-- WORK INSTRUCTION --
Quote exactly the lines spanning from the top of the data below to the line that contains "using cut unfolding cuts_def by blast", including both.

-- RECORDS --
--------------------
text \<open>The cylinders of a cut form an open cover of the compact set T by pairwise
  disjoint sets, so the cut is finite.\<close>
lemma finite_cut:
  assumes "T \<subseteq> SigmaN N" "closed T" and cut: "\<I> \<in> cuts T I n"
  shows "finite \<I>"
proof -
  have "SigmaN N \<inter> T = T"
    using assms(1) by blast
  then have "compact T"
    using compact_Int_closed[OF compact_SigmaN[of N] assms(2)] by simp
  moreover have "T \<subseteq> (\<Union>J\<in>\<I>. cylinder J)"
  proof
    fix \<omega> assume "\<omega> \<in> T"
    then obtain J where "J \<in> \<I>" "pref_inf J \<omega>"
      using cut unfolding cuts_def by blast
    then show "\<omega> \<in> (\<Union>J\<in>\<I>. cylinder J)"
      by (auto simp: pref_inf_iff_cylinder)
  qed
  ultimately obtain \<C> where \<C>: "\<C> \<subseteq> \<I>" "finite \<C>" "T \<subseteq> (\<Union>J\<in>\<C>. cylinder J)"
    by (rule compactE_image[OF _ open_cylinder])
  have "\<I> \<subseteq> \<C>"
  proof
    fix J assume J: "J \<in> \<I>"
    obtain \<omega> where \<omega>: "\<omega> \<in> T" "pref_inf J \<omega>"
      using Tstar_imp_pref_inf[OF cut_subset_Tstar[OF cut J]] by blast
    then obtain J' where J': "J' \<in> \<C>" "pref_inf J' \<omega>"
      using \<C>(3) by (auto simp: pref_inf_iff_cylinder)
    then have "J' = J"
      using cut_unique[OF cut \<omega>(1) _ J _ \<omega>(2)] \<C>(1) by blast
    then show "J \<in> \<C>"
      using J' by simp
  qed
  then show ?thesis
    using \<C>(2) by (rule finite_subset)
qed

lemma cut_refinement_bij:
  assumes cut: "\<I> \<in> cuts T I n" and M: "\<And>K. I @ K \<in> \<I> \<Longrightarrow> length K \<le> M"
  shows "bij_betw (\<lambda>(K, L). K @ L)
           (SIGMA K:{K. I @ K \<in> \<I>}. extensions T (I @ K) (M - length K)) (extensions T I M)"
    (is "bij_betw ?app ?S _")
proof (rule bij_betw_imageI)
  show "inj_on ?app ?S"
  proof (rule inj_onI, clarsimp)
    fix K L K' L'
    assume KK': "I @ K \<in> \<I>" "I @ K' \<in> \<I>" and eq: "K @ L = K' @ L'"
    then obtain Y where "K = K' @ Y \<and> Y @ L = L' \<or> K @ Y = K' \<and> L = Y @ L'"
      using append_eq_append_conv2 by metis
    then show "K = K' \<and> L = L'"
      using cut_antichain[OF cut, of "I @ K"] cut_antichain[OF cut, of "I @ K'"] KK' by auto
  qed
  show "?app ` ?S = extensions T I M"
  proof
    show "?app ` ?S \<subseteq> extensions T I M"
      using M by (auto simp: extensions_def)
    show "extensions T I M \<subseteq> ?app ` ?S"
    proof
      fix P assume P: "P \<in> extensions T I M"
      then obtain \<omega> where \<omega>: "\<omega> \<in> T" "pref_inf (I @ P) \<omega>"
        using Tstar_imp_pref_inf by (auto simp: extensions_def)
      obtain K where K: "I @ K \<in> \<I>" "pref_inf (I @ K) \<omega>"
        using cut_element_below[OF cut \<omega>(1) pref_inf_appendD[OF \<omega>(2)]] by blast
      have "length (I @ K) \<le> length (I @ P)"
        using M[OF K(1)] P by (simp add: extensions_def)
      then obtain L where "P = K @ L"
        using pref_inf_prefix[OF K(2) \<omega>(2)] by auto
      with K(1) P have "(K, L) \<in> ?S" "P = ?app (K, L)"
        by (auto simp: extensions_def)
      then show "P \<in> ?app ` ?S" by blast
    qed
  qed
qed

lemma sum_cut_refinement:
  assumes T: "T \<subseteq> SigmaN N" and cut: "\<I> \<in> cuts T I n" and fin: "finite {K. I @ K \<in> \<I>}"
    and M: "\<And>K. I @ K \<in> \<I> \<Longrightarrow> length K \<le> M"
  shows "(\<Sum>K | I @ K \<in> \<I>. \<Sum>L\<in>extensions T (I @ K) (M - length K). g (I @ K @ L))
    = (\<Sum>P\<in>extensions T I M. g (I @ P))"
proof -
  have "(\<Sum>K | I @ K \<in> \<I>. \<Sum>L\<in>extensions T (I @ K) (M - length K). g (I @ K @ L))
      = (\<Sum>(K, L)\<in>(SIGMA K:{K. I @ K \<in> \<I>}. extensions T (I @ K) (M - length K)). g (I @ K @ L))"
    by (rule sum.Sigma) (simp_all add: fin finite_extensions[OF T])
  also have "\<dots> = (\<Sum>P\<in>extensions T I M. g (I @ P))"
    using sum.reindex_bij_betw[OF cut_refinement_bij[OF cut M], of "\<lambda>P. g (I @ P)"]
    by (simp add: case_prod_unfold)
  finally show ?thesis .
qed

lemma level_cut:
  assumes "I \<in> Tstar T" "length I \<le> m"
  shows "Tlev T m \<in> cuts T I 0"
  unfolding cuts_def
proof (intro CollectI conjI ballI)
  show "Tlev T m \<subseteq> (\<Union>k\<in>{0..}. Tlev T k)"
    by blast
  show "\<exists>!J. J \<in> Tlev T m \<and> pref_inf J \<omega>" if "\<omega> \<in> T" for \<omega>
  proof (rule ex1I[of _ "restr \<omega> m"])
    show "restr \<omega> m \<in> Tlev T m \<and> pref_inf (restr \<omega> m) \<omega>"
      using that by (simp add: Tlev_def restr_in_Tstar pref_inf_def)
  qed (auto simp: Tlev_def pref_inf_def)
  obtain \<omega> where \<omega>: "\<omega> \<in> T" "pref_inf I \<omega>"
    using Tstar_imp_pref_inf[OF assms(1)] by blast
  have "pref_inf (restr \<omega> m) \<omega>"
    by (simp add: pref_inf_def)
  then have "pref I (restr \<omega> m)"
    using pref_inf_prefix[OF \<omega>(2)] assms(2) by (simp add: pref_def)
  moreover have "restr \<omega> m \<in> Tlev T m"
    using \<omega>(1) by (simp add: Tlev_def restr_in_Tstar)
  ultimately show "\<exists>J\<in>Tlev T m. pref I J"
    by blast
qed
lemma similar_perturbation_nearby:
  fixes A :: "real^'n::finite^'n" and h :: "'b::real_normed_vector \<Rightarrow> real^'n^'n"
  assumes h: "bounded_linear h"
    and surj: "surj (\<lambda>(X, Y). X ** A - A ** X + h Y)"
    and S: "open S" "0 \<in> S"
  obtains e where "e > 0" "\<And>M. norm (M - A) < e \<Longrightarrow> \<exists>Y\<in>S. similar_matrix (A + h Y) M"
proof -
  note h [bounded_linear]
  let ?I = "mat 1 :: real^'n^'n"
  let ?L = "\<lambda>(X, Y). X ** A - A ** X + h Y"
  \<comment> \<open>The first component forces \<open>I + Z = (I + X)\<^sup>-\<^sup>1\<close>, so the second is a similarity
      transform of \<open>A + h Y\<close>; this avoids differentiating the matrix inverse.\<close>
  define F where "F = (\<lambda>x :: (real^'n^'n) \<times> (real^'n^'n) \<times> 'b.
    ((?I + fst x) ** (?I + fst (snd x)),
     (?I + fst x) ** (A + h (snd (snd x))) ** (?I + fst (snd x))))"
  define F' where "F' = (\<lambda>x :: (real^'n^'n) \<times> (real^'n^'n) \<times> 'b.
    (fst x + fst (snd x), fst x ** A + h (snd (snd x)) + A ** fst (snd x)))"
  have "linear ?L"
    unfolding case_prod_unfold by (intro bounded_linear.linear bounded_linear_intros)
  then obtain g where "linear g" and Lg: "?L \<circ> g = id"
    using linear_surjective_right_inverse[OF _ surj] by blast
  then have g [bounded_linear]: "bounded_linear g"
    by (simp add: linear_conv_bounded_linear)
  define G where "G = (\<lambda>p :: (real^'n^'n) \<times> (real^'n^'n).
    (fst (g (snd p - A ** fst p)), fst p - fst (g (snd p - A ** fst p)),
     snd (g (snd p - A ** fst p))))"
  have der: "(F has_derivative F') (at 0)"
    unfolding F_def
    by (auto intro!: derivative_eq_intros
        simp: F'_def fun_eq_iff linear_0[OF bounded_linear.linear[OF h]] algebra_simps)
  have cont: "continuous_on UNIV F"
    unfolding F_def by (intro continuous_intros)
  have lin: "bounded_linear G"
    unfolding G_def by (intro bounded_linear_intros)
  have inv: "F' \<circ> G = id"
  proof
    fix p :: "(real^'n^'n) \<times> (real^'n^'n)"
    let ?v = "snd p - A ** fst p"
    have "fst (g ?v) ** A - A ** fst (g ?v) + h (snd (g ?v)) = ?v"
      using fun_cong[OF Lg, of ?v] by (simp add: case_prod_unfold)
    then show "(F' \<circ> G) p = id p"
      by (simp add: F'_def G_def matrix_diff_ldistrib algebra_simps)
  qed
  have opn: "open (UNIV \<times> UNIV \<times> S)" and zero: "0 \<in> UNIV \<times> UNIV \<times> S"
    using S by (auto simp: open_Times zero_prod_def)
  have "F 0 \<in> interior (F ` (UNIV \<times> UNIV \<times> S))"
    by (rule sussmann_open_mapping[OF opn continuous_on_subset[OF cont subset_UNIV] zero der lin inv
          order_refl])
      (simp add: interior_open[OF opn] zero)
  moreover have "F 0 = (?I, A)"
    by (simp add: F_def linear_0[OF bounded_linear.linear[OF h]])
  ultimately obtain e where "e > 0" and e: "ball (?I, A) e \<subseteq> F ` (UNIV \<times> UNIV \<times> S)"
    by (metis mem_interior)
  show ?thesis
  proof (rule that[OF \<open>e > 0\<close>])
    fix M :: "real^'n^'n"
    assume "norm (M - A) < e"
    then have "(?I, M) \<in> ball (?I, A) e"
      by (simp add: dist_Pair_Pair dist_norm norm_minus_commute)
    then obtain X Z Y where "Y \<in> S" and "F (X, Z, Y) = (?I, M)"
      using e by auto
    then show "\<exists>Y\<in>S. similar_matrix (A + h Y) M"
      using similar_matrix_if_conj[of "?I + X" "?I + Z"] by (auto simp: F_def)
  qed
qed

theorem theorem5p2:
  fixes P :: "'n::finite sign_pattern" and A :: "real^'n^'n"
  assumes "A \<in> qual_class P" and "nSSP A"
  shows "\<exists>\<epsilon>>0. \<forall>M :: real^'n^'n. norm (M - A) < \<epsilon> \<longrightarrow>
           (\<exists>A' \<in> qual_class P. similar_matrix A' M \<and> nSSP A')"
proof -
  let ?E = "support_mask A"
  let ?N = "{B. \<forall>X. hadamard A X = 0 \<and> B ** transpose X - transpose X ** B = 0 \<longrightarrow> X = 0}"
  obtain \<delta> where "\<delta> > 0" and in_class: "\<And>Y. norm Y < \<delta> \<Longrightarrow> A + hadamard ?E Y \<in> qual_class P"
    using qual_class_support_perturbation[OF assms(1)] by blast
  define S where "S = ball 0 \<delta> \<inter> (\<lambda>Y. A + hadamard ?E Y) -` ?N"
  have "open S"
    unfolding S_def by (intro open_Int open_ball open_vimage open_nSSP_condition continuous_intros)
  moreover have "0 \<in> S"
    using \<open>\<delta> > 0\<close> assms(2) by (simp add: S_def nSSP_def)
  ultimately obtain e where "e > 0"
    and near: "\<And>M. norm (M - A) < e \<Longrightarrow> \<exists>Y\<in>S. similar_matrix (A + hadamard ?E Y) M"
    using similar_perturbation_nearby[OF bounded_linear_hadamard nSSP_imp_surj_linearization[OF assms(2)]]
    by blast
  have "\<exists>A' \<in> qual_class P. similar_matrix A' M \<and> nSSP A'" if M: "norm (M - A) < e" for M
  proof -
    obtain Y where "Y \<in> S" and "similar_matrix (A + hadamard ?E Y) M"
      using near[OF M] by blast
    moreover from \<open>Y \<in> S\<close> have "A + hadamard ?E Y \<in> qual_class P"
      by (simp add: S_def in_class)
    moreover from calculation have "nSSP (A + hadamard ?E Y)"
      by (simp add: nSSP_iff_qual_class[OF assms(1)] S_def)
    ultimately show ?thesis by blast
  qed
  with \<open>e > 0\<close> show ?thesis by blast
qed
(* Consider the problem of steering $\dot x=Ax+u b$, $|u(t)|\le1$, from $(0,0,0)$ to $(\gamma,0,\gamma)$ in minimum time, where $$A=\begin{pmatrix}0&1&0\\-1&0&1\\0&0&0\end{pmatrix},\qquad b=(0,0,1)^T,\qquad \gamma>0.$$ (i) If $2(\rho-1)\pi<\gamma<2\rho\pi$ for some integer $\rho\ge1$, the unique optimal control has exactly $2\rho$ switchings and is $$u(t)=(-1)^{j-1},\quad t_{j-1}<t<t_j,\quad j=1,\dots,2\rho+1,$$ with $t_0=0$, where the interval lengths $\tau_j=t_j-t_{j-1}$ satisfy: $\tau_1=\tau_{2\rho+1}=\tau$, where $\tau\in(0,\pi)$ is the unique solution in $(0,\pi)$ of $$\frac{2\tau+2(\rho-1)\pi-\gamma}{2\rho-1}=2\tan^{-1}\!\Big(\frac{\sin\tau}{2\rho-\cos\tau}\Big)$$ (with $\tan^{-1}$ taking values in $(-\pi/2,\pi/2)$); $$\tau_{2k}=\frac{2\tau+2(\rho-1)\pi-\gamma}{2\rho-1},\quad k=1,\dots,\rho;\qquad \tau_{2k+1}=2\pi-\tau_{2k+2}=\frac{2\rho\pi-2\tau+\gamma}{2\rho-1},\quad k=1,\dots,\rho-1.$$ The minimum transfer time is $$t_{2\rho+1}=\frac{4\rho[\tau+(\rho-1)\pi]-\gamma}{2\rho-1}.$$ (ii) If $\gamma=2\rho\pi$ for some integer $\rho\ge1$, the optimal control is $u(t)\equiv1$ and the minimum time is $2\rho\pi$.
   Context: Controls are measurable functions with values in $[-1,1]$; the terminal time is free. *)

theory Defs
  imports "HOL-Analysis.Analysis"
begin

definition Amat :: "real^3^3" where
  "Amat = vector [vector [0, 1, 0], vector [-1, 0, 1], vector [0, 0, 0]]"

definition bvec :: "real^3" where
  "bvec = vector [0, 0, 1]"

definition admissible :: "(real \<Rightarrow> real) \<Rightarrow> bool" where
  "admissible u \<longleftrightarrow> u \<in> borel_measurable lebesgue \<and> (\<forall>t. \<bar>u t\<bar> \<le> 1)"

text \<open>u steers x0 to x1 in time T: there is an (absolutely continuous, Caratheodory)
  solution of x' = A x + u b on [0,T] with x(0)=x0, x(T)=x1.\<close>
definition steers :: "(real \<Rightarrow> real) \<Rightarrow> real \<Rightarrow> real^3 \<Rightarrow> real^3 \<Rightarrow> bool" where
  "steers u T x0 x1 \<longleftrightarrow> 0 \<le> T \<and> (\<exists>x :: real \<Rightarrow> real^3. x 0 = x0 \<and> x T = x1 \<and>
     (\<forall>t\<in>{0..T}. ((\<lambda>s. Amat *v x s + u s *\<^sub>R bvec) has_integral (x t - x0)) {0..t}))"

definition reachable_in :: "real \<Rightarrow> real^3 \<Rightarrow> real^3 \<Rightarrow> bool" where
  "reachable_in T x0 x1 \<longleftrightarrow> (\<exists>u. admissible u \<and> steers u T x0 x1)"

definition min_time :: "real \<Rightarrow> real^3 \<Rightarrow> real^3 \<Rightarrow> bool" where
  "min_time T x0 x1 \<longleftrightarrow> reachable_in T x0 x1 \<and> (\<forall>T'. 0 \<le> T' \<and> T' < T \<longrightarrow> \<not> reachable_in T' x0 x1)"

definition sw_len :: "nat \<Rightarrow> real \<Rightarrow> real \<Rightarrow> nat \<Rightarrow> real" where
  "sw_len \<rho> \<gamma> \<tau> j =
     (if j = 1 \<or> j = 2*\<rho>+1 then \<tau>
      else if even j then (2*\<tau> + 2*(real \<rho> - 1)*pi - \<gamma>) / (2*real \<rho> - 1)
      else (2*real \<rho>*pi - 2*\<tau> + \<gamma>) / (2*real \<rho> - 1))"

definition sw_time :: "nat \<Rightarrow> real \<Rightarrow> real \<Rightarrow> nat \<Rightarrow> real" where
  "sw_time \<rho> \<gamma> \<tau> j = (\<Sum>i\<in>{1..j}. sw_len \<rho> \<gamma> \<tau> i)"

end

theory Submission
  imports Defs
begin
--------------------
-- WRITTEN SOLUTION --
text \<open>The cylinders of a cut form an open cover of the compact set T by pairwise
  disjoint sets, so the cut is finite.\<close>
lemma finite_cut:
  assumes "T \<subseteq> SigmaN N" "closed T" and cut: "\<I> \<in> cuts T I n"
  shows "finite \<I>"
proof -
  have "SigmaN N \<inter> T = T"
    using assms(1) by blast
  then have "compact T"
    using compact_Int_closed[OF compact_SigmaN[of N] assms(2)] by simp
  moreover have "T \<subseteq> (\<Union>J\<in>\<I>. cylinder J)"
  proof
    fix \<omega> assume "\<omega> \<in> T"
    then obtain J where "J \<in> \<I>" "pref_inf J \<omega>"
      using cut unfolding cuts_def by blast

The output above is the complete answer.